Bea walked in swinging a torn envelope. “What am I supposed to do now?”

“Sweetheart, why don't you sit down?”

“It's from Luis Pereira's wife.” Bea shook the envelope upside down, releasing a flurry of torn paper. “My check. They don't want
my ‘dirty money.' The Murphys haven't deposited theirs, and now the Pereiras rip theirs up. What am I supposed to do?”

“Bea—”

“Why don't they believe me?”

No one answered.

“Oh,” Bea said. “Of course. You don't believe me either. You're awful. All of you. I
did
see her. I saw her. She was here. The pears . . .”

“Sweetheart.”

“She was! Besides, I'm not talking about that.”

Albert turned. “What is it you want them to believe, Bea?”

“That I'm sorry.”

“You've written your apologies. You've sent your checks.”

“Exactly!”

“Exactly. That's all you can do. You can't make anyone believe anything.” He laid out his palms as if he himself were proof.

“I used to be able to,” she said.

“You think the women who came to your speeches didn't have their minds already made up?”

Bea whimpered. “I'm like poor Sacco.”

“I wouldn't go that far,” Ira said.

Bea rolled her eyes. “I feel that way.”

“Bea.” Albert walked softly toward her, and cupped her shoulders in his hands. “Does it matter if they believe you? If they took the money, if I got them to take it, would that be enough?”

Bea squinted at him. “Enough to do what?”

“To satisfy you. To stop your train wreck.”
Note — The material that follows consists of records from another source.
text \<open>The maturation windows can never reach further back than the initial one: otherwise the
  window integral of the positive \<open>fZ i\<close> would exceed its initial value.\<close>
lemma delayed_time_ge:
  assumes "t \<ge> 0"
  shows "- \<tau>0 i \<le> t - \<tau> i t"
proof (rule ccontr)
  define u where "u = t - \<tau> i t"
  assume "\<not> - \<tau>0 i \<le> t - \<tau> i t"
  then have u: "u < - \<tau>0 i" unfolding u_def by simp
  have "integral {u..- \<tau>0 i} (fZ i) + integral {- \<tau>0 i..t} (fZ i) = integral {u..t} (fZ i)"
    by (rule Henstock_Kurzweil_Integration.integral_combine)
      (use u tau0_nonneg[of i] assms fZ_integrable in auto)
  moreover have "integral {- \<tau>0 i..0} (fZ i) + integral {0..t} (fZ i) = integral {- \<tau>0 i..t} (fZ i)"
    by (rule Henstock_Kurzweil_Integration.integral_combine)
      (use tau0_nonneg[of i] assms fZ_integrable in auto)
  moreover have "0 < integral {u..- \<tau>0 i} (fZ i)"
    by (rule integral_pos_if_pos[OF fZ_continuous]) (use u fZ_pos in auto)
  moreover have "0 \<le> integral {0..t} (fZ i)"
    by (rule integral_nonneg[OF fZ_integrable]) (use fZ_pos less_imp_le in auto)
  ultimately show False
    using window_integral_eq[OF assms, of i] maturation_level_eq[of i] unfolding u_def by linarith
qed

lemma tau_pos: "t \<ge> 0 \<Longrightarrow> maturation_level i > 0 \<Longrightarrow> \<tau> i t > 0"
  using tau_nonneg[of t i] window_integral_eq[of t i] by (cases "\<tau> i t = 0") auto

lemma birth_nonneg: "0 \<le> birth i t"
  unfolding birth_def
  using params_pos[of i] fZ_pos[of i t] fZ_pos[of i "t - \<tau> i t"] A_nonneg[of i "t - \<tau> i t"]
  by (intro mult_nonneg_nonneg divide_nonneg_nonneg) auto

lemma A_decay_bound:
  assumes "0 \<le> u" "u \<le> v"
  shows "A i u * exp (- \<mu>A i * (v - u)) \<le> A i v"
proof -
  define E where "E s = exp (\<mu>A i * s) * A i s" for s
  have "E u \<le> E v"
  proof (rule DERIV_nonneg_imp_increasing_open[OF assms(2)])
    show "continuous_on {u..v} E"
      unfolding E_def by (intro continuous_intros continuous_on_subset[OF A_continuous]) auto
    fix z assume "u < z" "z < v"
    then have "z > 0" using assms by simp
    have "(E has_real_derivative exp (\<mu>A i * z) * birth i z) (at z)"
      unfolding E_def
      by (rule derivative_eq_intros A_has_derivative_at[OF \<open>z > 0\<close>] refl)+
         (simp add: algebra_simps)
    then show "\<exists>D. (E has_real_derivative D) (at z) \<and> 0 \<le> D"
      using birth_nonneg by auto
  qed
  then have "E u * exp (- \<mu>A i * v) \<le> E v * exp (- \<mu>A i * v)"
    by (intro mult_right_mono) auto
  then show ?thesis unfolding E_def by (simp add: algebra_simps flip: exp_add)
qed

lemma tau_mult_le_maturation_level:
  assumes "t \<ge> 0" and bound: "\<And>j v. - \<tau>0 i \<le> v \<Longrightarrow> v \<le> t \<Longrightarrow> A j v \<le> b"
  shows "\<tau> i t * f i (row_sum i * b) \<le> maturation_level i"
proof -
  have "f i (row_sum i * b) * (t - (t - \<tau> i t)) \<le> integral {t - \<tau> i t..t} (fZ i)"
  proof (rule integral_ge_const_times_length[OF fZ_continuous])
    fix x assume x: "x \<in> {t - \<tau> i t..t}"
    then have "- \<tau>0 i \<le> x" using delayed_time_ge[OF assms(1), of i] by auto
    then show "f i (row_sum i * b) \<le> fZ i x"
      unfolding fZ_def using x bound by (intro f_antimono Zfun_le_row_sum) auto
  qed (use tau_nonneg[OF assms(1)] in simp)
  then show ?thesis using window_integral_eq[OF assms(1)] by (simp add: mult.commute)
qed

text \<open>If the density at the start of a maturation window is at least \<open>b\<close> and the window were
  shorter than \<open>l\<close>, the density would stay above \<open>b * exp (- \<mu>A i * l)\<close> on the whole window,
  which makes the window integral too small.\<close>
lemma tau_gt_if_delayed_density_ge:
  assumes "t \<ge> 0" "0 \<le> t - \<tau> i t" "b \<le> A i (t - \<tau> i t)"
    and small: "l * f i (\<zeta> i i * b * exp (- \<mu>A i * l)) < maturation_level i"
  shows "\<tau> i t > l"
proof (rule ccontr)
  assume "\<not> \<tau> i t > l"
  then have tl: "\<tau> i t \<le> l" by simp
  define u where "u = t - \<tau> i t"
  define m where "m = f i (\<zeta> i i * b * exp (- \<mu>A i * l))"
  have "fZ i v \<le> m" if v: "v \<in> {u..t}" for v
  proof -
    have "b * exp (- \<mu>A i * l) \<le> A i u * exp (- \<mu>A i * (v - u))"
      using v tl params_pos[of i] assms(3) A_nonneg[of i u] unfolding u_def
      by (intro mult_mono) auto
    also have "\<dots> \<le> A i v" using A_decay_bound[of u v i] v assms(2) unfolding u_def by auto
    finally have "\<zeta> i i * (b * exp (- \<mu>A i * l)) \<le> \<zeta> i i * A i v"
      using params_pos[of i] by (intro mult_left_mono) auto
    also have "\<dots> \<le> Zfun \<zeta> A i v" by (rule diag_le_Zfun)
    finally show ?thesis unfolding fZ_def m_def by (intro f_antimono) (simp add: mult.assoc)
  qed
  then have "norm (integral {u..t} (fZ i)) \<le> m * (t - u)"
    using tau_nonneg[OF assms(1), of i] fZ_pos[of i] unfolding u_def
    by (intro integral_bound fZ_continuous) (auto simp: less_imp_le)
  also have "\<dots> \<le> m * l"
    using tl f_pos[of i] unfolding u_def m_def by (intro mult_left_mono) (auto intro: less_imp_le)
  finally show False
    using window_integral_eq[OF assms(1), of i] small unfolding u_def m_def by (simp add: mult.commute)
qed

lemma A_bounded_on_interval:
  obtains B where "B \<ge> 0" "\<And>j v. v \<in> {a..b} \<Longrightarrow> \<bar>A j v\<bar> \<le> B"
proof -
  have "continuous_on {a..b} (\<lambda>v. \<Sum>j\<in>UNIV. \<bar>A j v\<bar>)"
    by (intro continuous_intros continuous_on_subset[OF A_continuous]) auto
  then obtain B where B: "B \<ge> 0" "\<And>v. v \<in> {a..b} \<Longrightarrow> norm (\<Sum>j\<in>UNIV. \<bar>A j v\<bar>) \<le> B"
    using continuous_on_compact_bound[OF compact_Icc] by blast
  have "\<bar>A j v\<bar> \<le> B" if "v \<in> {a..b}" for j v
  proof -
    have "\<bar>A j v\<bar> \<le> (\<Sum>j\<in>UNIV. \<bar>A j v\<bar>)" by (rule member_le_sum) auto
    also have "\<dots> \<le> B" using B(2)[OF that] by simp
    finally show ?thesis .
  qed
  with B(1) show ?thesis by (rule that)
qed

lemma history_bounded:
  obtains B where "B \<ge> 0" "\<And>i j v. - \<tau>0 i \<le> v \<Longrightarrow> v \<le> 0 \<Longrightarrow> A j v \<le> B"
proof -
  define T where "T = (\<Sum>i\<in>UNIV. \<tau>0 i)"
  have T: "\<tau>0 i \<le> T" for i
    unfolding T_def by (rule member_le_sum) (auto intro: tau0_nonneg)
  obtain B where B: "B \<ge> 0" "\<And>j v. v \<in> {-T..0} \<Longrightarrow> \<bar>A j v\<bar> \<le> B"
    using A_bounded_on_interval[of "-T" 0] by metis
  have "A j v \<le> B" if "- \<tau>0 i \<le> v" "v \<le> 0" for i j v
    using B(2)[of v j] T[of i] that by auto
  with B(1) show thesis using that by blast
qed

lemma A_derivative_bounded:
  assumes "t \<ge> 0"
  obtains C where "C \<ge> 0" "\<And>s. s \<in> {0..t} \<Longrightarrow> \<bar>- \<mu>A i * A i s + birth i s\<bar> \<le> C"
proof -
  obtain B where B: "B \<ge> 0" "\<And>j v. v \<in> {- \<tau>0 i..t} \<Longrightarrow> \<bar>A j v\<bar> \<le> B"
    using A_bounded_on_interval[of "- \<tau>0 i" t] by metis
  define C where "C = \<mu>A i * B + \<beta> i * (f i 0 / f i (row_sum i * B)) * B"
  have "\<bar>- \<mu>A i * A i s + birth i s\<bar> \<le> C" if s: "s \<in> {0..t}" for s
  proof -
    define u where "u = s - \<tau> i s"
    have u: "u \<in> {- \<tau>0 i..t}"
      using delayed_time_ge[of s i] tau_nonneg[of s i] s unfolding u_def by auto
    have "f i (row_sum i * B) \<le> fZ i u"
      unfolding fZ_def using B(2) u by (intro f_antimono Zfun_le_row_sum) (auto simp: abs_le_iff)
    then have "fZ i s / fZ i u \<le> f i 0 / f i (row_sum i * B)"
      using fZ_le_f0 f_pos fZ_pos by (intro frac_le) (auto intro: less_imp_le)
    moreover have "exp (- \<mu>J i * \<tau> i s) \<le> 1"
      using tau_nonneg[of s i] s params_pos[of i] by auto
    moreover have "A i u \<le> B" using B(2)[OF u, of i] by simp
    ultimately have "birth i s \<le> \<beta> i * 1 * (f i 0 / f i (row_sum i * B)) * B"
      unfolding birth_def u_def[symmetric] using params_pos[of i] A_nonneg[of i u] fZ_pos f_pos B(1)
      by (intro mult_mono) (auto intro: less_imp_le)
    moreover have "0 \<le> \<mu>A i * A i s" "\<mu>A i * A i s \<le> \<mu>A i * B"
      using params_pos[of i] A_nonneg[of i s] B(2)[of s i] s tau0_nonneg[of i] by auto
    moreover have "0 \<le> \<beta> i * (f i 0 / f i (row_sum i * B)) * B"
      using params_pos[of i] B(1) f_pos[of i]
      by (intro mult_nonneg_nonneg divide_nonneg_nonneg) (auto intro: less_imp_le)
    ultimately show ?thesis using birth_nonneg[of i s] unfolding C_def by (simp add: abs_le_iff)
  qed
  moreover have "C \<ge> 0"
    unfolding C_def using params_pos[of i] B(1) f_pos[of i]
    by (intro add_nonneg_nonneg mult_nonneg_nonneg divide_nonneg_nonneg) (auto intro: less_imp_le)
  ultimately show ?thesis using that by blast
qed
“I am not a wreck!” Bea shook him off. “I am not a nut and I am not a wreck, and if I were a wreck it would be because of you!” She swung her glare at each of them. “But I'm not. I am fine! I am absolutely fine!”

“FINE!” pinged off the chandelier, flew around the room, shimmied into silence. Ira looked at his slippered feet, next to Henry's shining Haven wingtips. Henry looked away, wishing Lillian
were there. Albert stared at Bea, as if daring her to say it again. She shook, frustration and humiliation warring in her limbs. She had seen her daughter as clearly as she saw Albert now. She had followed her, but not fast enough: by the time Bea reached the orchard, she had lost her. Bea had crept, then listened, crept, listened. She did not want to frighten the girl away—this was one reason for her caution. But it was also true that Bea herself was afraid: she did not want to discover that there was no girl, that she had, in fact, made her up, drawn her from her haze of Templeton and self-pity. She trained her eyes on the darkness, willing the girl to reappear. She nearly called,
Hello?
but lost her courage, so neither she nor Lucy heard the other—they were both, mother and daughter, too good at hiding, too practiced at silence. And they moved synchronously, like two second hands on the same watch, driven by the same gear. By the time Bea reached the gap, Lucy was gone. Bea had seen her! But then, what if she hadn't? Each time she had to defend herself, she felt her certainty split a little more.

She could not say this, of course. She would not give them any more reasons to think she was a loon. She held Albert's gaze. “It would be something,” she said. Then she gathered up the confettied check and the hateful note and went upstairs, to throw it onto the piles with the others.